As the rush to do what we could have been doing for months gets more hurried and irrational, let’s put in a plug for heading out to your local vinyl emporium and digging through piles of vintage records to find the two or three that will WOW your favorite family member.
And since my daughter Layla is the only other family member in my world with a turntable, this edition of CDIMA will focus on what I found for her.
Keep this news to yourself, please, Matt!

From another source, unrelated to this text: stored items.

lemma abs_p'_diff_le:
  assumes V_int: "set_integrable lborel {..0} V" and a: "a < 0"
  shows "\<bar>p' 0 - p' a\<bar> \<le> \<bar>p 0\<bar> * ((LINT x:{..0}|lborel. V x) + k)"
proof -
  define G where "G x = \<bar>p 0\<bar> * (V x + k\<^sup>2 * exp (k * x))" for x
  have q_int: "((\<lambda>x. (V x + k\<^sup>2) * p x) has_integral p' 0 - p' a) {a..0}"
    using a by (intro has_integral_p'') simp
  have V_int_on: "V integrable_on {..0}" and integral_V: "(LINT x:{..0}|lborel. V x) = integral {..0} V"
    using set_borel_integral_eq_integral[OF V_int] by auto
  have V_int_ab: "V integrable_on {a..0}"
    using V_int_on by (rule integrable_on_subinterval) auto
  have "((\<lambda>x. k\<^sup>2 * exp (k * x)) has_integral k * exp (k * 0) - k * exp (k * a)) {a..0}"
    using a by (intro fundamental_theorem_of_calculus)
      (auto intro!: derivative_eq_intros simp: power2_eq_square simp flip: has_real_derivative_iff_has_vector_derivative)
  then have G_int: "(G has_integral \<bar>p 0\<bar> * (integral {a..0} V + (k - k * exp (k * a)))) {a..0}"
    unfolding G_def by (intro has_integral_mult_right has_integral_add integrable_integral V_int_ab) simp
  have "\<bar>p' 0 - p' a\<bar> = norm (integral {a..0} (\<lambda>x. (V x + k\<^sup>2) * p x))"
    using integral_unique[OF q_int] by simp
  also have "\<dots> \<le> integral {a..0} G"
    using has_integral_integrable[OF q_int] has_integral_integrable[OF G_int]
    by (rule integral_norm_bound_integral) (use abs_p''_le in \<open>simp add: G_def\<close>)
  also have "\<dots> \<le> \<bar>p 0\<bar> * ((LINT x:{..0}|lborel. V x) + k)"
  proof -
    have "integral {a..0} V \<le> integral {..0} V"
      using V_int_ab V_int_on V_nonneg by (intro integral_subset_le) auto
    moreover have "k - k * exp (k * a) \<le> k"
      using k_pos by simp
    ultimately show ?thesis
      unfolding integral_unique[OF G_int] integral_V by (intro mult_left_mono) auto
  qed
  finally show ?thesis .
qed

lemma abs_p'_0_le:
  assumes "set_integrable lborel {..0} V"
  shows "\<bar>p' 0\<bar> \<le> \<bar>p 0\<bar> * ((LINT x:{..0}|lborel. V x) + k)"
proof (rule field_le_epsilon)
  fix \<epsilon> :: real assume "\<epsilon> > 0"
  then obtain a where "a < 0" and "\<bar>p' a\<bar> < \<epsilon>"
    using p'_arbitrarily_small by blast
  have "\<bar>p' 0\<bar> \<le> \<bar>p' a\<bar> + \<bar>p' 0 - p' a\<bar>"
    using abs_triangle_ineq[of "p' a" "p' 0 - p' a"] by simp
  with \<open>\<bar>p' a\<bar> < \<epsilon>\<close> abs_p'_diff_le[OF assms \<open>a < 0\<close>]
  show "\<bar>p' 0\<bar> \<le> \<bar>p 0\<bar> * ((LINT x:{..0}|lborel. V x) + k) + \<epsilon>"
    by linarith
qed

end

lemma robin_negative_eigenvalue_bound:
  fixes V :: "real \<Rightarrow> real"
  assumes V_nonneg: "\<forall>x\<le>0. V x \<ge> 0" and V_int: "set_integrable lborel {..0} V"
    and E_neg: "E < 0" and eigenvalue: "robin_eigenvalue V \<gamma> E"
  shows "\<gamma> \<le> (LINT x:{..0}|lborel. V x) + sqrt (- E)"
proof -
  define k where "k = sqrt (- E)"
  have k_pos: "k > 0" and E_eq: "E = - k\<^sup>2"
    using E_neg by (auto simp: k_def)
  obtain \<psi> \<psi>' \<psi>'' where
    deriv: "\<forall>x\<le>0. (\<psi> has_real_derivative \<psi>' x) (at x within {..0})" and
    deriv': "\<forall>x\<le>0. (\<psi>' has_real_derivative \<psi>'' x) (at x within {..0})" and
    square_integrable: "square_integrable_neg \<psi>" "square_integrable_neg \<psi>'" and
    nontrivial: "\<exists>x<0. \<psi> x \<noteq> 0" and
    equation: "\<forall>x<0. - \<psi>'' x + V x * \<psi> x = E * \<psi> x" and
    boundary: "\<psi>' 0 = \<gamma> * \<psi> 0"
    using eigenvalue unfolding robin_eigenvalue_def by blast
  have at_interior: "at x within {..0} = at x" if "x < 0" for x :: real
    using that by (intro at_within_interior) (simp add: interior_Iic)
  interpret bound_state V k \<psi> \<psi>'
  proof
    show "(\<psi> has_real_derivative \<psi>' x) (at x)" if "x < 0" for x
      using deriv[rule_format, of x] that by (simp add: at_interior)
    show "(\<psi>' has_real_derivative (V x + k\<^sup>2) * \<psi> x) (at x)" if "x < 0" for x
    proof -
      have "\<psi>'' x = (V x + k\<^sup>2) * \<psi> x"
        using equation that by (simp add: E_eq algebra_simps)
      then show ?thesis
        using deriv'[rule_format, of x] that by (simp add: at_interior)
    qed
    show "continuous_on {..0} \<psi>" "continuous_on {..0} \<psi>'"
      using deriv deriv' by (auto simp: continuous_on_eq_continuous_within intro: DERIV_continuous)
  qed (use k_pos V_nonneg square_integrable in auto)
  have "\<psi> 0 \<noteq> 0"
  proof
    assume "\<psi> 0 = 0"
    obtain x where "x < 0" "\<psi> x \<noteq> 0"
      using nontrivial by blast
    with abs_p_le_exp[of x] \<open>\<psi> 0 = 0\<close> show False
      by simp
  qed
  have "\<bar>\<psi> 0\<bar> * \<gamma> \<le> \<bar>\<psi>' 0\<bar>"
    by (simp add: boundary abs_mult mult.commute mult_right_mono)
  also have "\<dots> \<le> \<bar>\<psi> 0\<bar> * ((LINT x:{..0}|lborel. V x) + k)"
    by (rule abs_p'_0_le[OF V_int])
  finally show ?thesis
    using \<open>\<psi> 0 \<noteq> 0\<close> by (simp add: k_def)
qed

theorem proposition6:
  fixes V :: "real \<Rightarrow> real" and \<gamma>c :: real and E :: "real \<Rightarrow> real"
  assumes nonsing: "nonsingular_potential V"
    and nonneg: "\<forall>x\<le>0. V x \<ge> 0"
    and gc_pos: "\<gamma>c > 0"
    and critical: "\<forall>\<gamma>>0. (\<exists>e<0. robin_eigenvalue V \<gamma> e) \<longleftrightarrow> \<gamma> > \<gamma>c"
    and E_eig: "\<forall>\<gamma>>\<gamma>c. E \<gamma> < 0 \<and> robin_eigenvalue V \<gamma> (E \<gamma>)
                   \<and> (\<forall>e<0. robin_eigenvalue V \<gamma> e \<longrightarrow> e = E \<gamma>)"
    and E_lim: "(E \<longlongrightarrow> 0) (at_right \<gamma>c)"
  shows "\<gamma>c \<le> (LINT x:{..0}|lborel. V x)"
proof -
  define I where "I = (LINT x:{..0}|lborel. V x)"
  have V_int: "set_integrable lborel {..0} V"
    using nonsing by (rule nonsingular_potential_set_integrable)
  have "eventually (\<lambda>\<gamma>. \<gamma> \<le> I + sqrt (- E \<gamma>)) (at_right \<gamma>c)"
    using eventually_at_right_less[of \<gamma>c]
    by eventually_elim (use E_eig robin_negative_eigenvalue_bound[OF nonneg V_int] in \<open>auto simp: I_def\<close>)
  moreover have "((\<lambda>\<gamma>. I + sqrt (- E \<gamma>)) \<longlongrightarrow> I + sqrt (- 0)) (at_right \<gamma>c)"
    by (intro tendsto_intros E_lim)
  ultimately have "\<gamma>c \<le> I"
    by (intro tendsto_le[OF trivial_limit_at_right_real _ tendsto_ident_at]) simp_all
  then show ?thesis
    by (simp add: I_def)
qed

end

I’ve been reading a new book on the crossover R&B/Pop sounds of 1940s and 50s Nashville. The book is Paula Blackmon’s Night Train to Nashville: The Greatest Untold Story of Music City (Harper Horizon 2023), and focuses on radio station WLAC and its nightly broadcast of then-underground R&B. The station was white-owned and run, and while Black entertainers were featured on the airwaves, if they wanted to visit the DJs and promote their own work, they had to be escorted in so as to assure the building guards that no funny business would occur.
Actually, much funny business did occur, but the likes of BB King, Little Richard, and Della Reese also occurred. As did white DJs like Bill “Hoss” Allen whom many assumed was Black.
What a Wonderful World this could be.
In any case, reading the book put me in mind of finding some vintage Soul for Layla, and maybe even myself. So yesterday on my crate-diving excursion at Cabin Floor Records, I asked Joe, the owner, what he had found recently that I might love. We then started digging together and lo and behold, some treasures ripe for the plucking.
Now some of these I’m keeping, so to not completely spoil the surprise, I won’t state which ones exactly will go under my daughter’s tree. But see if you can guess or maybe give my pre-decisions a nudge.
The Best of Sam Cooke (RCA LPM/LSP 2625, 1962) featuring, of course, the biggies “Twistin’ The Night Away,” “Bring It On Home to Me,” “You Send Me,” and “Wonderful World.” I’d say it’s in Very Good condition, VG++ for the record itself, and it cost a measly $12.
James Brown & the Famous Flames, Tell Me What You’re Gonna Do (Rumble Records reissue). For $17 you get “Just You and Me, Darling,” “I Love You, Yes I Do,” the title cut, and nine other gems originally released back in 1961.
Otis Redding, The Dock of the Bay (Volt S-419, 1968). What could/should I say here? The back cover tells me that someone once sold this record for 50 cents. I would love to know how it traveled: to where? From whom to whom? Where is that 50 cents now? How was it spent? This copy is in Very Good ++ shape and I bought it for $25, which means the cost of living has risen since 1968 or even 1978. And even if that title track had never been recorded, the LP would be worth it for Otis’s cover of “Nobody Knows You (When You’re Down and Out).”
Stevie Wonder’s Greatest Hits Vol. 2 (TAMLA T313L, 1971). From the period when I was listening to AM radio nonstop, we get “Heaven Help Us All,” “My Cherie Amour,” “Signed, Sealed, Delivered,” “Yester-Me, Yester-You, Yesterday,” and that solid cover of “We Can Work It Out.” And Joe, amazing man that he is, tossed this one in for free.
Finally, and in my only non-R&B/Soul purchase, though given who it is and who he’d go on to found/join, this one is in keeping with the others, kin and maybe even kind: The Best of The Animals (MGM SE-4324 “Sounds Great In Stereo,” 1966). A $10 “plays clean” bargain, imho. From “House of The Rising Sun,” to “Don’t Let Me Be Misunderstood,” to my fave, “It’s My Life,” and that Sam Cooke cover, “Bring It On Home To Me,” we’ve come full circle and can keep on spinning right round (like a record, baby).
So, let’s see if this holiday season, along with the requisite Xmas music, we can’t also find places by the hearth for some vintage sounds that warmed hearts and changed minds back in the days when crossing over was a decision that sometimes meant life or death.
Great stuff you've gotten there. I'm now going through a personal crate dig: my father's collection of 271 45s from the 50s through the 80s. He died in 2007 and they were left untouched for years. Have found some gems and, of course, some dreck.
I'm living for these choices, especially Sam, James, and Stevie. I would have kept them all!